**Task objective:**
The listing below holds a line with "by (rule mod_cong_of_nat_mult)" and a later line with "by (rule mod_cong_power)". Write out those two lines and every line between them, exactly, and nothing else.
** Dataset entries follows **
lemma fib_root_power_Suc_Suc:
  "fib_root ^ (n + 2) = FibExt (smult 2 [:0, 1:]) 0 * fib_root ^ (n + 1) + FibExt 4 0 * fib_root ^ n"
proof -
  have "fib_root ^ 2 = FibExt (smult 2 [:0, 1:]) 0 * fib_root + FibExt 4 0"
    by (rule fib_ext.expand) (simp add: fib_root_def power2_eq_square fib_disc_eq mult_pCons_left numeral_poly)
  moreover have "fib_root ^ (n + 2) = fib_root ^ n * fib_root ^ 2" "fib_root ^ (n + 1) = fib_root ^ n * fib_root"
    by (simp_all only: power_add power_one_right)
  ultimately show ?thesis by (simp only: distrib_left ac_simps)
qed

text \<open>The Binet formula, cleared of denominators: \<open>fib_root\<close> is \<open>2\<close> times the root
  \<open>(x + \<surd>(x\<^sup>2 + 4)) / 2\<close>.\<close>
lemma ext_im_fib_root_power: "ext_im (fib_root ^ n) = smult (2 ^ (n - 1)) (fib_poly n)"
proof (induction n rule: fib_poly.induct)
  case (3 n)
  have "ext_im (fib_root ^ (n + 2))
      = smult 2 [:0, 1:] * ext_im (fib_root ^ (n + 1)) + 4 * ext_im (fib_root ^ n)"
    by (simp only: fib_root_power_Suc_Suc fib_ext_simps fib_ext.sel mult_zero_left add_0_right)
  also have "\<dots> = smult 2 [:0, 1:] * smult (2 ^ n) (fib_poly (n + 1)) + 4 * smult (2 ^ (n - 1)) (fib_poly n)"
    using 3 by (simp only: Suc_eq_plus1 diff_add_inverse2)
  also have "\<dots> = smult (2 ^ (n + 1)) ([:0, 1:] * fib_poly (n + 1) + fib_poly n)"
    by (cases n) (simp_all add: smult_add_right algebra_simps numeral_poly)
  finally show ?case by (simp add: numeral_2_eq_2)
qed (simp_all add: fib_root_def)

lemma FibExt_const_power: "FibExt a 0 ^ n = FibExt (a ^ n) 0"
  by (induction n) (auto intro: fib_ext.expand)

lemma FibExt_sqrt_power_odd: "FibExt 0 1 ^ (2 * m + 1) = FibExt 0 (fib_disc ^ m)"
  by (induction m) (auto intro: fib_ext.expand simp: power_add mult_2)

lemma fib_poly_odd_prime_power_mod_cong:
  assumes p: "prime p" "odd p"
  shows "mod_cong p (fib_poly (p ^ k)) (fib_disc ^ ((p ^ k - 1) div 2))"
proof -
  define m where "m = (p ^ k - 1) div 2"
  have N: "p ^ k = 2 * m + 1" using p(2) unfolding m_def by simp
  have root: "fib_root = FibExt [:0, 1:] 0 + FibExt 0 1" by (simp add: fib_root_def fib_ext.expand)
  have "mod_cong p (fib_root ^ p ^ k) (FibExt [:0, 1:] 0 ^ p ^ k + FibExt 0 1 ^ p ^ k)"
    unfolding root by (rule mod_cong_add_power_prime_power[OF p(1)])
  then have "mod_cong p (ext_im (fib_root ^ p ^ k)) (ext_im (FibExt [:0, 1:] 0 ^ p ^ k + FibExt 0 1 ^ p ^ k))"
    by (rule mod_cong_ext_im)
  then have "mod_cong p (of_int (2 ^ (p ^ k - 1)) * fib_poly (p ^ k)) (fib_disc ^ m)"
    unfolding ext_im_fib_root_power N FibExt_const_power FibExt_sqrt_power_odd
    by (simp add: of_int_poly)
  moreover have "mod_cong p (of_int (2 ^ (p ^ k - 1)) :: int poly) (of_int 1)"
    using two_power_prime_power_mod_cong[OF p] by (rule mod_cong_of_int)
  then have "mod_cong p (of_int (2 ^ (p ^ k - 1)) * fib_poly (p ^ k)) (fib_poly (p ^ k))"
    using mod_cong_mult[OF _ mod_cong_refl] by fastforce
  ultimately show ?thesis
    unfolding m_def by (meson mod_cong_sym mod_cong_trans)
qed

lemma fib_poly_double_mod_two: "mod_cong 2 (fib_poly (2 * m)) ([:0, 1:] * fib_poly m ^ 2)"
proof (cases m)
  case (Suc l)
  have "2 * m = l + (l + 1) + 1" using Suc by simp
  then have "fib_poly (2 * m) = fib_poly (l + (l + 1) + 1)" by (simp only:)
  also have "\<dots> = fib_poly (l + 1) * fib_poly (l + 2) + fib_poly l * fib_poly (l + 1)"
    using fib_poly_add[of l "l + 1"] by simp
  also have "\<dots> = of_nat 2 * (fib_poly l * fib_poly (l + 1)) + [:0, 1:] * fib_poly m ^ 2"
    using Suc fib_poly_Suc_Suc[of l] by (simp add: algebra_simps power2_eq_square)
  finally show ?thesis by (simp only: mod_cong_of_nat_mult)
qed simp

lemma fib_poly_two_power_mod_two: "mod_cong 2 (fib_poly (2 ^ k)) ([:0, 1:] ^ (2 ^ k - 1))"
proof (induction k)
  case (Suc k)
  have "mod_cong 2 (fib_poly (2 ^ Suc k)) ([:0, 1:] * fib_poly (2 ^ k) ^ 2)"
    using fib_poly_double_mod_two[of "2 ^ k"] by simp
  also have "mod_cong 2 \<dots> ([:0, 1:] * ([:0, 1:] ^ (2 ^ k - 1)) ^ 2)"
    using Suc by (intro mod_cong_mult mod_cong_power) simp_all
  also have "[:0, 1:] * ([:0, 1:] ^ (2 ^ k - 1)) ^ 2 = ([:0, 1 :: int:] ^ (2 ^ Suc k - 1))"
  proof -
    have "1 + (2 ^ k - 1) * 2 = 2 ^ Suc k - (1 :: nat)"
      using one_le_power[of "2 :: nat" k] by (simp only: power_Suc) arith
    then show ?thesis by (metis power_mult power_add power_one_right)
  qed
  finally show ?case .
qed simp

lemma mod_cong_cofactor:
  fixes P G H c :: "'a :: comm_ring_1"
  assumes "prime_elem (of_nat p :: 'a)" and "\<not> of_nat p dvd c" and "P * G = H"
    and "mod_cong p G (c ^ a)" and "mod_cong p H (c ^ (b + a))"
  shows "mod_cong p P (c ^ b)"
proof (rule mod_cong_mult_cancel_right)
  show "prime_elem (of_nat p :: 'a)" by fact
  show "\<not> of_nat p dvd c ^ a" using assms(1,2) prime_elem_dvd_power by blast
  have "mod_cong p (P * c ^ a) (P * G)" using mod_cong_mult[OF mod_cong_refl mod_cong_sym[OF assms(4)]] .
  also have "mod_cong p (P * G) (c ^ b * c ^ a)" using assms(3,5) by (simp add: power_add)
  finally show "mod_cong p (P * c ^ a) (c ^ b * c ^ a)" .
qed

lemma of_nat_dvd_poly_iff: "(of_nat p :: int poly) dvd f \<longleftrightarrow> (\<forall>i. int p dvd coeff f i)"
  by (simp add: of_nat_poly const_poly_dvd_iff)

lemma prime_elem_of_nat_poly: "prime p \<Longrightarrow> prime_elem (of_nat p :: int poly)"
  by (simp add: of_nat_poly prime_elem_const_poly_iff)

lemma not_prime_dvd_monic:
  assumes "prime p" and "lead_coeff f = 1"
  shows "\<not> (of_nat p :: int poly) dvd f"
proof
  assume "of_nat p dvd f"
  then have "int p dvd 1" using assms(2) of_nat_dvd_poly_iff by metis
  then show False using assms(1) by simp
qed

lemma fibotomic_odd_prime_power_mod_cong:
  assumes p: "prime p" "odd p" and "k \<ge> 1"
  shows "mod_cong p (fibotomic (p ^ k)) (fib_disc ^ (totient (p ^ k) div 2))"
proof (rule mod_cong_cofactor)
  let ?e = "\<lambda>j. (p ^ j - 1) div 2"
  show "prime_elem (of_nat p :: int poly)" using p(1) by (rule prime_elem_of_nat_poly)
  show "\<not> of_nat p dvd fib_disc" using p(1) by (rule not_prime_dvd_monic) (simp add: fib_disc_def)
  show "fibotomic (p ^ k) * fib_poly (p ^ (k - 1)) = fib_poly (p ^ k)"
    using p(1) \<open>k \<ge> 1\<close> by (rule fibotomic_prime_power)
  show "mod_cong p (fib_poly (p ^ (k - 1))) (fib_disc ^ ?e (k - 1))"
    using p by (rule fib_poly_odd_prime_power_mod_cong)
  have tot: "totient (p ^ k) = p ^ (k - 1) * (p - 1)"
    using p(1) \<open>k \<ge> 1\<close> by (simp add: totient_prime_power)
  have "p ^ k = p ^ (k - 1) * p" using \<open>k \<ge> 1\<close> by (simp flip: power_Suc2)
  moreover have "1 \<le> p ^ (k - 1)" and "p ^ (k - 1) \<le> p ^ (k - 1) * p"
    using prime_gt_0_nat[OF p(1)] by simp_all
  ultimately have "p ^ k - 1 = totient (p ^ k) + (p ^ (k - 1) - 1)"
    unfolding tot diff_mult_distrib2 by linarith
  moreover have "even (totient (p ^ k))" using tot p(2) by simp
  ultimately have "?e k = totient (p ^ k) div 2 + ?e (k - 1)"
    by (simp add: div_plus_div_distrib_dvd_left)
  then show "mod_cong p (fib_poly (p ^ k)) (fib_disc ^ (totient (p ^ k) div 2 + ?e (k - 1)))"
    using fib_poly_odd_prime_power_mod_cong[OF p, of k] by simp
qed

lemma fibotomic_two_power_mod_two:
  assumes "k \<ge> 2"
  shows "mod_cong 2 (fibotomic (2 ^ k)) (fib_disc ^ (totient (2 ^ k) div 2))"
proof -
  let ?h = "2 ^ (k - 1) :: nat"
  have "mod_cong 2 (fibotomic (2 ^ k)) ([:0, 1:] ^ ?h)"
  proof (rule mod_cong_cofactor)
    show "prime_elem (of_nat 2 :: int poly)" by (rule prime_elem_of_nat_poly) simp
    show "\<not> of_nat 2 dvd [:0, 1 :: int:]" by (rule not_prime_dvd_monic) simp_all
    show "fibotomic (2 ^ k) * fib_poly ?h = fib_poly (2 ^ k)"
      using assms by (intro fibotomic_prime_power) simp_all
    show "mod_cong 2 (fib_poly ?h) ([:0, 1:] ^ (?h - 1))" by (rule fib_poly_two_power_mod_two)
    have "2 ^ k - 1 = ?h + (?h - 1)"
      using assms by (cases k) simp_all
    then show "mod_cong 2 (fib_poly (2 ^ k)) ([:0, 1:] ^ (?h + (?h - 1)))"
      using fib_poly_two_power_mod_two[of k] by simp
  qed
  moreover have "mod_cong 2 (fib_disc ^ (totient (2 ^ k) div 2)) ([:0, 1:] ^ ?h)"
  proof -
    have "mod_cong 2 (of_nat 2 * 2 + [:0, 1:] ^ 2) ([:0, 1:] ^ 2 :: int poly)"
      by (rule mod_cong_of_nat_mult)
    then have "mod_cong 2 fib_disc ([:0, 1:] ^ 2)" by (simp add: fib_disc_eq add.commute)
    then have "mod_cong 2 (fib_disc ^ 2 ^ (k - 2)) (([:0, 1:] ^ 2) ^ 2 ^ (k - 2))" by (rule mod_cong_power)
    moreover have "k - 1 = Suc (k - 2)" using assms by simp
    then have "totient (2 ^ k) div 2 = 2 ^ (k - 2)" and "2 * 2 ^ (k - 2) = ?h"
      using assms by (simp_all add: totient_prime_power)
    ultimately show ?thesis by (simp flip: power_mult)
  qed
  ultimately show ?thesis using mod_cong_sym mod_cong_trans by meson
qed

theorem mainTheorem11:
  fixes p k :: nat
  assumes "prime p" and "k \<ge> 1"
  shows "if p = 2 \<and> k = 1 then fibotomic 2 = [:0, 1:]
         else (\<forall>i. [coeff (fibotomic (p ^ k)) i
                     = coeff ([:4, 0, 1:] ^ (totient (p ^ k) div 2)) i] (mod int p))"
proof (cases "p = 2 \<and> k = 1")
  case True
  then show ?thesis using fibotomic_prime_power[OF assms] by (simp add: numeral_2_eq_2)
next
  case False
  have "mod_cong p (fibotomic (p ^ k)) (fib_disc ^ (totient (p ^ k) div 2))"
  proof (cases "p = 2")
    case True
    then show ?thesis using False assms(2) fibotomic_two_power_mod_two[of k] by simp
  next
    case False
    then have "odd p" using assms(1) prime_odd_nat prime_ge_2_nat[OF assms(1)] by simp
    then show ?thesis using fibotomic_odd_prime_power_mod_cong assms by blast
  qed
  then show ?thesis unfolding if_not_P[OF False] fib_disc_def by (blast intro: mod_cong_poly_coeff)
qed

end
** End of Dataset entries **
**Completed task:**
      by (rule mod_cong_of_nat_mult)
    then have "mod_cong 2 fib_disc ([:0, 1:] ^ 2)" by (simp add: fib_disc_eq add.commute)
    then have "mod_cong 2 (fib_disc ^ 2 ^ (k - 2)) (([:0, 1:] ^ 2) ^ 2 ^ (k - 2))" by (rule mod_cong_power)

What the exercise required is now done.